(Saved data entries)
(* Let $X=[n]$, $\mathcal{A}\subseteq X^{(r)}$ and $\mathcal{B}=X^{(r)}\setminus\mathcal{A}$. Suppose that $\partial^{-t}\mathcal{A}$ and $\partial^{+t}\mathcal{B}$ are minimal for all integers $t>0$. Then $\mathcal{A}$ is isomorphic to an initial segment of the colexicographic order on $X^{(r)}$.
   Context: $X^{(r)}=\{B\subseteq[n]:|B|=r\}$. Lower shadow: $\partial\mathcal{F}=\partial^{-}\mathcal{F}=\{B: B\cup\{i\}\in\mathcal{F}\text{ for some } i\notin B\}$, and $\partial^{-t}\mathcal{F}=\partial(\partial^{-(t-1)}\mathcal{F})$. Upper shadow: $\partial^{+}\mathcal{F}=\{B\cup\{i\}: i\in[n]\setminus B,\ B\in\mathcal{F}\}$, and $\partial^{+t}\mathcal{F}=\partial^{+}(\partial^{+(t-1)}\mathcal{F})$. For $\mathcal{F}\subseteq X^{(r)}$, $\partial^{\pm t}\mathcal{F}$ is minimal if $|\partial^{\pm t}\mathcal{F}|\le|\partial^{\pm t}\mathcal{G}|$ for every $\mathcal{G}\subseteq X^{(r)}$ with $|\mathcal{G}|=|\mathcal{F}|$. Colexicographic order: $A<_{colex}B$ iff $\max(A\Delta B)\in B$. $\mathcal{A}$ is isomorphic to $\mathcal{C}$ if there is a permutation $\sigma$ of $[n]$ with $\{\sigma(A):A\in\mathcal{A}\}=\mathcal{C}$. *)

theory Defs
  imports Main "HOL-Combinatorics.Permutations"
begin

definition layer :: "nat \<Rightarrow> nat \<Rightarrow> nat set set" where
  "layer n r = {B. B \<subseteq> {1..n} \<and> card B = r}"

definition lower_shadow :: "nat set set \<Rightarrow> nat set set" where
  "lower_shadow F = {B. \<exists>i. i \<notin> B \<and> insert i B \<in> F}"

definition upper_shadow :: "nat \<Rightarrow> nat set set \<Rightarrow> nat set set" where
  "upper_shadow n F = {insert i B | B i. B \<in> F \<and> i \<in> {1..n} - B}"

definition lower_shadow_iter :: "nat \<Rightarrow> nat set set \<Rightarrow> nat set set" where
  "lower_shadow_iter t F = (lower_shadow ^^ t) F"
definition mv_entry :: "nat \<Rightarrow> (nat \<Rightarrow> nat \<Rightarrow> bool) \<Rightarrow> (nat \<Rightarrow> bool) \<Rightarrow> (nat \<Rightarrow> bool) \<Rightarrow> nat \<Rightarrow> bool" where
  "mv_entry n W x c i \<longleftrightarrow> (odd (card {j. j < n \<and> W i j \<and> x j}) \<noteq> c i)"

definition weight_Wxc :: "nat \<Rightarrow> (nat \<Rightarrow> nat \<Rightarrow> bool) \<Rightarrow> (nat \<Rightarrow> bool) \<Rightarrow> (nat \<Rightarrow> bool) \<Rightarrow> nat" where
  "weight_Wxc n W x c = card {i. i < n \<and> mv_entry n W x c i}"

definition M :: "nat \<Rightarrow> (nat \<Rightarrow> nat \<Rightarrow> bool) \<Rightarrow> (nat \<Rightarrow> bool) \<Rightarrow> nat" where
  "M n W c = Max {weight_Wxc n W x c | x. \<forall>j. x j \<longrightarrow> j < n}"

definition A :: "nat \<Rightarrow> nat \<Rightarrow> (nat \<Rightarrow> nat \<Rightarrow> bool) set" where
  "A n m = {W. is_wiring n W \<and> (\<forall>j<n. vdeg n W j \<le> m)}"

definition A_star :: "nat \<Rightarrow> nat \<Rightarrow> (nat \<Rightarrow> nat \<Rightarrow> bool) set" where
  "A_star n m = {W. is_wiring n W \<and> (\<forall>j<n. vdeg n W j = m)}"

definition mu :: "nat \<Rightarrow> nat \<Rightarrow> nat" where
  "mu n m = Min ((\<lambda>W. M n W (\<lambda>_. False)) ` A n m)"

---

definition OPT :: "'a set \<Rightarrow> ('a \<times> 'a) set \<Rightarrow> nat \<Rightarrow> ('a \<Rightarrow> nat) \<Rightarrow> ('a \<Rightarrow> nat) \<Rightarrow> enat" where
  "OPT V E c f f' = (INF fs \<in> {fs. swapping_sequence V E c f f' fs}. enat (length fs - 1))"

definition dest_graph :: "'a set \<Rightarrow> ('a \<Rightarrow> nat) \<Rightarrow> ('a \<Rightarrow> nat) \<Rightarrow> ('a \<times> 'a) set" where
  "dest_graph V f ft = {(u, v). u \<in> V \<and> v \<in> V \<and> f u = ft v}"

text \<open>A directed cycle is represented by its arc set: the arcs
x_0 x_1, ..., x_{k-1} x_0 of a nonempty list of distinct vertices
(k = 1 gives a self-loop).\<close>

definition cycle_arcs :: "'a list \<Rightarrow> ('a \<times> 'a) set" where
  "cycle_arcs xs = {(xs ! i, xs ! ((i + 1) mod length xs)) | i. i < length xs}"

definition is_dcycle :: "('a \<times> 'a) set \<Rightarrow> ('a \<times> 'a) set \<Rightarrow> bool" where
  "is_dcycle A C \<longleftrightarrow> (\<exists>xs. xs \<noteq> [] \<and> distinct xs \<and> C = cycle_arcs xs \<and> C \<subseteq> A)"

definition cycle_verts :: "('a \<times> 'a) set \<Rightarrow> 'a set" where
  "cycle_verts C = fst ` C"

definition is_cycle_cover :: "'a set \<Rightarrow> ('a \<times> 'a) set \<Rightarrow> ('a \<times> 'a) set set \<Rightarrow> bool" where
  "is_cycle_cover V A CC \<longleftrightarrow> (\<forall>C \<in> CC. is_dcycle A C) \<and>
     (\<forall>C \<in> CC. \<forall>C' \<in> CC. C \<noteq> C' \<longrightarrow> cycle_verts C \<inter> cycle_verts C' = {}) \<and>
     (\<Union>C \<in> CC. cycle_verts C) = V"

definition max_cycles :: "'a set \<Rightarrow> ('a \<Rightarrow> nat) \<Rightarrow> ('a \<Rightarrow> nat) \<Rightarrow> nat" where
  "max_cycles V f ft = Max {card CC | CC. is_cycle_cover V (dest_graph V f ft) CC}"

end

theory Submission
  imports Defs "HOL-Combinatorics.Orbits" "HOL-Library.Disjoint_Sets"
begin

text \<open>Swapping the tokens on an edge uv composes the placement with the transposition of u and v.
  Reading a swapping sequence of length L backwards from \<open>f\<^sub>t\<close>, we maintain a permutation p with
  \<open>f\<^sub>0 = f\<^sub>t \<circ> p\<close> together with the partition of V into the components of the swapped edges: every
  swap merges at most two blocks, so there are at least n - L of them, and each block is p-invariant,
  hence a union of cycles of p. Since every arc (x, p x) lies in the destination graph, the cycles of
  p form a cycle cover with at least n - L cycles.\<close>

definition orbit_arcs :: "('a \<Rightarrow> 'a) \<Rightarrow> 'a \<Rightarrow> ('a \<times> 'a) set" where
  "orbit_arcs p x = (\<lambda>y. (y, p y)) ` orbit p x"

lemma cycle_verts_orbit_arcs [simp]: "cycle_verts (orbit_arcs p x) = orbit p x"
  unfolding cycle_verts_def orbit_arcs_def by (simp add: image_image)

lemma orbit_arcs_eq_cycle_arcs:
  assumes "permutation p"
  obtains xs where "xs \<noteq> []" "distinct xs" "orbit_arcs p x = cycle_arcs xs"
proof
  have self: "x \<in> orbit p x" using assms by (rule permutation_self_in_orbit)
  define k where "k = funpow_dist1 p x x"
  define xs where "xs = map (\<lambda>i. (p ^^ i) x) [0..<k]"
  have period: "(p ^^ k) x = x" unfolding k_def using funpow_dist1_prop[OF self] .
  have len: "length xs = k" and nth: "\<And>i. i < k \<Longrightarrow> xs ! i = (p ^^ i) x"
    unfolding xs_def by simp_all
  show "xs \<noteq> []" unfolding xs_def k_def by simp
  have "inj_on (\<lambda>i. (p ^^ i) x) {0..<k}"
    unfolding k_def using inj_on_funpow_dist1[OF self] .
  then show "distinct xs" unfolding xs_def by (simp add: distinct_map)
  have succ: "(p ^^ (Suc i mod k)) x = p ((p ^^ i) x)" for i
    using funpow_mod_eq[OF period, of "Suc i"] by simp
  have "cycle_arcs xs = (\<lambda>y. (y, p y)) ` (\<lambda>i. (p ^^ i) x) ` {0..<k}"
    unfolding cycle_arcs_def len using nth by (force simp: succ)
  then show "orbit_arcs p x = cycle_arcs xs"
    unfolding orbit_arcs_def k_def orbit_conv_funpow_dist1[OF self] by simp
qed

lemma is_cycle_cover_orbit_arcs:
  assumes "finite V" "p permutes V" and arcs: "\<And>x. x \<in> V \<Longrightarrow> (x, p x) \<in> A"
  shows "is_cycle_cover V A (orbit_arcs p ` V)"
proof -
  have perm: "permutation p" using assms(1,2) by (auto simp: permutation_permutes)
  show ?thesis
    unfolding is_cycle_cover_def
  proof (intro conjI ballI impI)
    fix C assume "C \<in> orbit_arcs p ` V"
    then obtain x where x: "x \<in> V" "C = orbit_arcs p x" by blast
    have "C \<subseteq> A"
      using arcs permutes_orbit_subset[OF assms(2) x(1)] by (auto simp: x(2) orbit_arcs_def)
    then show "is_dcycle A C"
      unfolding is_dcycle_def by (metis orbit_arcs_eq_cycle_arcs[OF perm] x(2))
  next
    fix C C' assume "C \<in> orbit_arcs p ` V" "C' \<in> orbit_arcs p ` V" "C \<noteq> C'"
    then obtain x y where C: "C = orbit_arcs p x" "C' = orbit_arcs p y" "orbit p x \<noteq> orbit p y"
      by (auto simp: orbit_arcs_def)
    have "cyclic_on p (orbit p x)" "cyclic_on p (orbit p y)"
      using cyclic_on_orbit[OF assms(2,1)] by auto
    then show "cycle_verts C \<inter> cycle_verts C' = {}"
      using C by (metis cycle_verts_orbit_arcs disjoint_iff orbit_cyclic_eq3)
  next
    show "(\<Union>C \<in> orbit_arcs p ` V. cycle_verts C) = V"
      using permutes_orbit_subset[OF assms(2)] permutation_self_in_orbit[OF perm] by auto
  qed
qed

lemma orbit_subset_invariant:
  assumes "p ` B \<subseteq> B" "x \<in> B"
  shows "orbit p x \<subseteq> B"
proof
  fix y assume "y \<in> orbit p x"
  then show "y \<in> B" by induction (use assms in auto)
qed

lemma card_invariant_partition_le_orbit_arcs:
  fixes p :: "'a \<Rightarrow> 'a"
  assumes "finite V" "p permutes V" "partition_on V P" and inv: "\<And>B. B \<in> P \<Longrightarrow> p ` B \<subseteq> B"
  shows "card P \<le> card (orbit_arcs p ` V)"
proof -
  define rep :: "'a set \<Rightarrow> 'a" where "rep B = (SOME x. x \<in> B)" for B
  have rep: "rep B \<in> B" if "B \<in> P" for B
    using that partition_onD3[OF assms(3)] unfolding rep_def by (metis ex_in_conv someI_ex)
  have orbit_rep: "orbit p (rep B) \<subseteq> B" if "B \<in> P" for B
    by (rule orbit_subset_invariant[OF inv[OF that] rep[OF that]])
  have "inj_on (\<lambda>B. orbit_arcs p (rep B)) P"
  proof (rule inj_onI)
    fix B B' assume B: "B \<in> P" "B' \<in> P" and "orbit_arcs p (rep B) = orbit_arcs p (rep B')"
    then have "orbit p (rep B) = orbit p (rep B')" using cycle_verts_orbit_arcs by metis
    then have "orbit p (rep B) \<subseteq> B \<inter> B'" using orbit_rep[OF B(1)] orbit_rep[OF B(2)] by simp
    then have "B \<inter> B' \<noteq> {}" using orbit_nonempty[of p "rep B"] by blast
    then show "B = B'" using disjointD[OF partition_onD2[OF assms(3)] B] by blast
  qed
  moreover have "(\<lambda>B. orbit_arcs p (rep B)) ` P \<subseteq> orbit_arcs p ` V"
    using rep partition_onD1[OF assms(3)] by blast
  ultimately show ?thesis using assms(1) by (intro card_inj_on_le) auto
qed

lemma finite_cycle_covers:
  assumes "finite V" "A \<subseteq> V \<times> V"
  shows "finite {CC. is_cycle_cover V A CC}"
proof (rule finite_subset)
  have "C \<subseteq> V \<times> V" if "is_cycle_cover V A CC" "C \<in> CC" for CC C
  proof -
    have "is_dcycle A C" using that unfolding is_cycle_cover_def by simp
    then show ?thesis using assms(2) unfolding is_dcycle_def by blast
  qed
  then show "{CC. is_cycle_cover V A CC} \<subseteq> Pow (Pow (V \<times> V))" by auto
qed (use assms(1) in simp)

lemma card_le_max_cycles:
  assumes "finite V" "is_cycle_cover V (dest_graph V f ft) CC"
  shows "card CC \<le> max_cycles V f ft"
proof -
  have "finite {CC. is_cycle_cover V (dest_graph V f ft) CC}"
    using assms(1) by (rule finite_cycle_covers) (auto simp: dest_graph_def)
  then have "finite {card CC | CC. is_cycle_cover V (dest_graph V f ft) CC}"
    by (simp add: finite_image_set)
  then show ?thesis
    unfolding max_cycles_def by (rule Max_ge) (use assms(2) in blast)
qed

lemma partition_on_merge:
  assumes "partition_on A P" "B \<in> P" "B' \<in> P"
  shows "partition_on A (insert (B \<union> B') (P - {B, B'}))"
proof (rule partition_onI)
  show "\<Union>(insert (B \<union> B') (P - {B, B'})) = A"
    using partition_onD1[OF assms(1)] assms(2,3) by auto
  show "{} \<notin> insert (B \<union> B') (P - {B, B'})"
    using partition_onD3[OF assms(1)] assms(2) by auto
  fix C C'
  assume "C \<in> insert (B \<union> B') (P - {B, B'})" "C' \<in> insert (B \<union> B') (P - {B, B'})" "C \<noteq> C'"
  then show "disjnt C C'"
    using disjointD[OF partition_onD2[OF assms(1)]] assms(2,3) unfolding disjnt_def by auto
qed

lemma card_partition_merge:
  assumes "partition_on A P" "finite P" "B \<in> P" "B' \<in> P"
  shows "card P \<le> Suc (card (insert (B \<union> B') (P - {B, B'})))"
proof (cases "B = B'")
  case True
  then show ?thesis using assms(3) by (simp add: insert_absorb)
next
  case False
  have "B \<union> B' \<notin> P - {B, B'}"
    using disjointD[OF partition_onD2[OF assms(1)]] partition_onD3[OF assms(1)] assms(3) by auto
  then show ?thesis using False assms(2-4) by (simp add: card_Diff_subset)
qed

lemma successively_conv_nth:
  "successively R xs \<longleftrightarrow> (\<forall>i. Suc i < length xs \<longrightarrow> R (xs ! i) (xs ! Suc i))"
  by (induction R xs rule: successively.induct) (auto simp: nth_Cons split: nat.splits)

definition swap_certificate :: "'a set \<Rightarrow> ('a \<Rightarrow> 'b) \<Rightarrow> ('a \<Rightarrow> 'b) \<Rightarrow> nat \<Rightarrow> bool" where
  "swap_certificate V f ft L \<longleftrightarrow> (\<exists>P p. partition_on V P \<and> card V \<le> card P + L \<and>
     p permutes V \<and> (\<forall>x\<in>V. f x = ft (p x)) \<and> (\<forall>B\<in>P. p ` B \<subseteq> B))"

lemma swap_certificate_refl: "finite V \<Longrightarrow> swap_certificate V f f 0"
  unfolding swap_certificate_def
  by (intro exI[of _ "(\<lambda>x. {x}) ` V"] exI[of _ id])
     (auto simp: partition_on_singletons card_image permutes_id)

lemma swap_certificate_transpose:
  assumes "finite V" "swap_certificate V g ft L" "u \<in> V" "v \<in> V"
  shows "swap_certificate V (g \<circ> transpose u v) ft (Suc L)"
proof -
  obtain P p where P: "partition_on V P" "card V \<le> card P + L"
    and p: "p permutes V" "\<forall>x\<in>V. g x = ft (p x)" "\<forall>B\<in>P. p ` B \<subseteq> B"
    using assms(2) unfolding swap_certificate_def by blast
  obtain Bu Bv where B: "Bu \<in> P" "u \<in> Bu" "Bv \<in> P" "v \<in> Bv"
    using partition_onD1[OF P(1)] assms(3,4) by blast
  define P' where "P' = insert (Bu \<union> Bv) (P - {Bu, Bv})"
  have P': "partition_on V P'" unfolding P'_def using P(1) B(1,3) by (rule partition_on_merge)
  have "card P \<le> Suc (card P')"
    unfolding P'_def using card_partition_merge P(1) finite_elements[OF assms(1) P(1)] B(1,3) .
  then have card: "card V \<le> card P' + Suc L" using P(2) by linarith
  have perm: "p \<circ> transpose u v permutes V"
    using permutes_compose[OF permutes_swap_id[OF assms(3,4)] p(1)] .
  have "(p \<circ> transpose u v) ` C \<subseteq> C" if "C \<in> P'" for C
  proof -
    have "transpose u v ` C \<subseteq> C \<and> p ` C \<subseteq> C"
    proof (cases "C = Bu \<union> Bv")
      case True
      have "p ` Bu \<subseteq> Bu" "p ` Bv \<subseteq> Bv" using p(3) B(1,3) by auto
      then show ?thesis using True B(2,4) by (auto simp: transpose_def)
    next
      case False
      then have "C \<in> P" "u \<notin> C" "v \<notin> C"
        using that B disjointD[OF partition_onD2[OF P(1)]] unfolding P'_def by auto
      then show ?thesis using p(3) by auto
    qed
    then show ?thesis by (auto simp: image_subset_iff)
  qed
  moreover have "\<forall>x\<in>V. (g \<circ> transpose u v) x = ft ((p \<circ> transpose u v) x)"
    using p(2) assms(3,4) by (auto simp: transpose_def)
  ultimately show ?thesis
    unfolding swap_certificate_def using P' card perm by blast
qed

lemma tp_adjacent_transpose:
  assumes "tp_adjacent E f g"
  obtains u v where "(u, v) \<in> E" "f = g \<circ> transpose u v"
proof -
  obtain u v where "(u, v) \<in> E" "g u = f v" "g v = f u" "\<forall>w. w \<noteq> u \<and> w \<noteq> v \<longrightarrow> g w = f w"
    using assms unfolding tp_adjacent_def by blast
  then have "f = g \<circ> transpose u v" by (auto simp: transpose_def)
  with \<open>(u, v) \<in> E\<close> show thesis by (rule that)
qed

* * *

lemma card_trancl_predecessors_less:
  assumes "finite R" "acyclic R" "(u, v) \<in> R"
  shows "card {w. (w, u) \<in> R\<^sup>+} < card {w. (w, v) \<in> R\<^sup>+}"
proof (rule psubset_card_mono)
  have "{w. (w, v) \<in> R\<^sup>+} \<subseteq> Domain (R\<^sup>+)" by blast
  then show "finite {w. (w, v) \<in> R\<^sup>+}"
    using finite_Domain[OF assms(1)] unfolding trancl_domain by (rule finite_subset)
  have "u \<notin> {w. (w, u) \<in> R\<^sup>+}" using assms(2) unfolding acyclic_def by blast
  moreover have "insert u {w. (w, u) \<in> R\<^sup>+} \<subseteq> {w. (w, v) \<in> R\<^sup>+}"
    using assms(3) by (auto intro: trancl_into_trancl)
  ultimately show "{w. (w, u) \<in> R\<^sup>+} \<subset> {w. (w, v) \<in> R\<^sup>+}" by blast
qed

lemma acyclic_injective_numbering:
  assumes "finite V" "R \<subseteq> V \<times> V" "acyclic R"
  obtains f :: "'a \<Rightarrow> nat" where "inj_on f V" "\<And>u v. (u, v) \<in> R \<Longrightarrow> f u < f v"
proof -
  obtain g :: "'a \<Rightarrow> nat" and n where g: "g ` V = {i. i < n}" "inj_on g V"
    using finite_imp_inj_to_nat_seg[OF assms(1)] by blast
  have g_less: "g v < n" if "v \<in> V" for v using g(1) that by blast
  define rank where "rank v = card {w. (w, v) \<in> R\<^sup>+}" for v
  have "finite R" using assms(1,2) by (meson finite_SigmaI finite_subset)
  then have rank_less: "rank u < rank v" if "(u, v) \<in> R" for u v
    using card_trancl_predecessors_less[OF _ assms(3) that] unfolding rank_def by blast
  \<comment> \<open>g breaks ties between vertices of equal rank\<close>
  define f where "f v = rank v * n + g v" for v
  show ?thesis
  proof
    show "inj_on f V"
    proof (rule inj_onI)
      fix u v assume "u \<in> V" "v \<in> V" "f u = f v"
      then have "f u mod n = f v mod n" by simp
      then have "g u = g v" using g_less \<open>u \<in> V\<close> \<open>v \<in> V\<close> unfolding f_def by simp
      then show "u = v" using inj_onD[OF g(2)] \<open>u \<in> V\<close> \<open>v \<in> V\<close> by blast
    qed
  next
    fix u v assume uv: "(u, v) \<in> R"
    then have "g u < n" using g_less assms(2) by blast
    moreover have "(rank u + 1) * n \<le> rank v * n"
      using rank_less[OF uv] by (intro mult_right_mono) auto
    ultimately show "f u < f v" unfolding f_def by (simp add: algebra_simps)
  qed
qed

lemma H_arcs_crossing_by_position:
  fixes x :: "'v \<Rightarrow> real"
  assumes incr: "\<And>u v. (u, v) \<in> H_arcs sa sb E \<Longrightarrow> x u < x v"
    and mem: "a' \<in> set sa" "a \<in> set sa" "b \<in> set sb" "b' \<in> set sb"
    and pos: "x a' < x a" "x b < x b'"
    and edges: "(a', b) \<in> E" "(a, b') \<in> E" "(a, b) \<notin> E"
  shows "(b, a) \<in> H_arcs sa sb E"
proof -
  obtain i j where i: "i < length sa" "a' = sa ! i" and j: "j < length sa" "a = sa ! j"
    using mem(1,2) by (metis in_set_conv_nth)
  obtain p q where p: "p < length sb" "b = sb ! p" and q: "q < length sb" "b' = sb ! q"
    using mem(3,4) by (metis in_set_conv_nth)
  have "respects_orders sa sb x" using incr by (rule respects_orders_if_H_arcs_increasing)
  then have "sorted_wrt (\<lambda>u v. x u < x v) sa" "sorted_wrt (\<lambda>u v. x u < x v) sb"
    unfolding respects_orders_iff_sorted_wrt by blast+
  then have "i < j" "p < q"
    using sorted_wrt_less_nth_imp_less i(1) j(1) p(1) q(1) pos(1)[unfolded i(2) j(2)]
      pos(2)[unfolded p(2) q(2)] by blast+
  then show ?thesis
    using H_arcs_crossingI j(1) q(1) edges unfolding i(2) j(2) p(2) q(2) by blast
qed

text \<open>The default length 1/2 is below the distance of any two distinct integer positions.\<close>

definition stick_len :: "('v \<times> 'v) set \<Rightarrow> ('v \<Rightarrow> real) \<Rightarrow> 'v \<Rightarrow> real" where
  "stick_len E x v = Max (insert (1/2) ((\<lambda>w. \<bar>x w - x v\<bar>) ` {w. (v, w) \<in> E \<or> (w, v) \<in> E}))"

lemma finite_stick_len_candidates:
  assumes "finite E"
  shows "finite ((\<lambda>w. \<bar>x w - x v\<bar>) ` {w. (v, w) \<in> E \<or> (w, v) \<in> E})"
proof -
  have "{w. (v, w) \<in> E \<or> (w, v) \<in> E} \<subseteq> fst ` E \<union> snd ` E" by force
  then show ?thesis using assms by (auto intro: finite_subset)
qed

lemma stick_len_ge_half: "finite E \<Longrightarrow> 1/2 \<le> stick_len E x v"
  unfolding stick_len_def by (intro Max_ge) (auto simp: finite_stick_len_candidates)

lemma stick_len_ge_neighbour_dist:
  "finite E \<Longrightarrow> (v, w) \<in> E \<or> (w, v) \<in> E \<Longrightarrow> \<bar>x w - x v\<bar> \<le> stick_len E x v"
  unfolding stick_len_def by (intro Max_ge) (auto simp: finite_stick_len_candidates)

# TASK DIRECTIONS:
Of the lines above, copy each one that contains the word "ultimately".

# RESPONSE FOR THIS EXERCISE:
  ultimately show ?thesis using assms(1) by (intro card_inj_on_le) auto
  ultimately show ?thesis
  ultimately show "{w. (w, u) \<in> R\<^sup>+} \<subset> {w. (w, v) \<in> R\<^sup>+}" by blast
    ultimately show "f u < f v" unfolding f_def by (simp add: algebra_simps)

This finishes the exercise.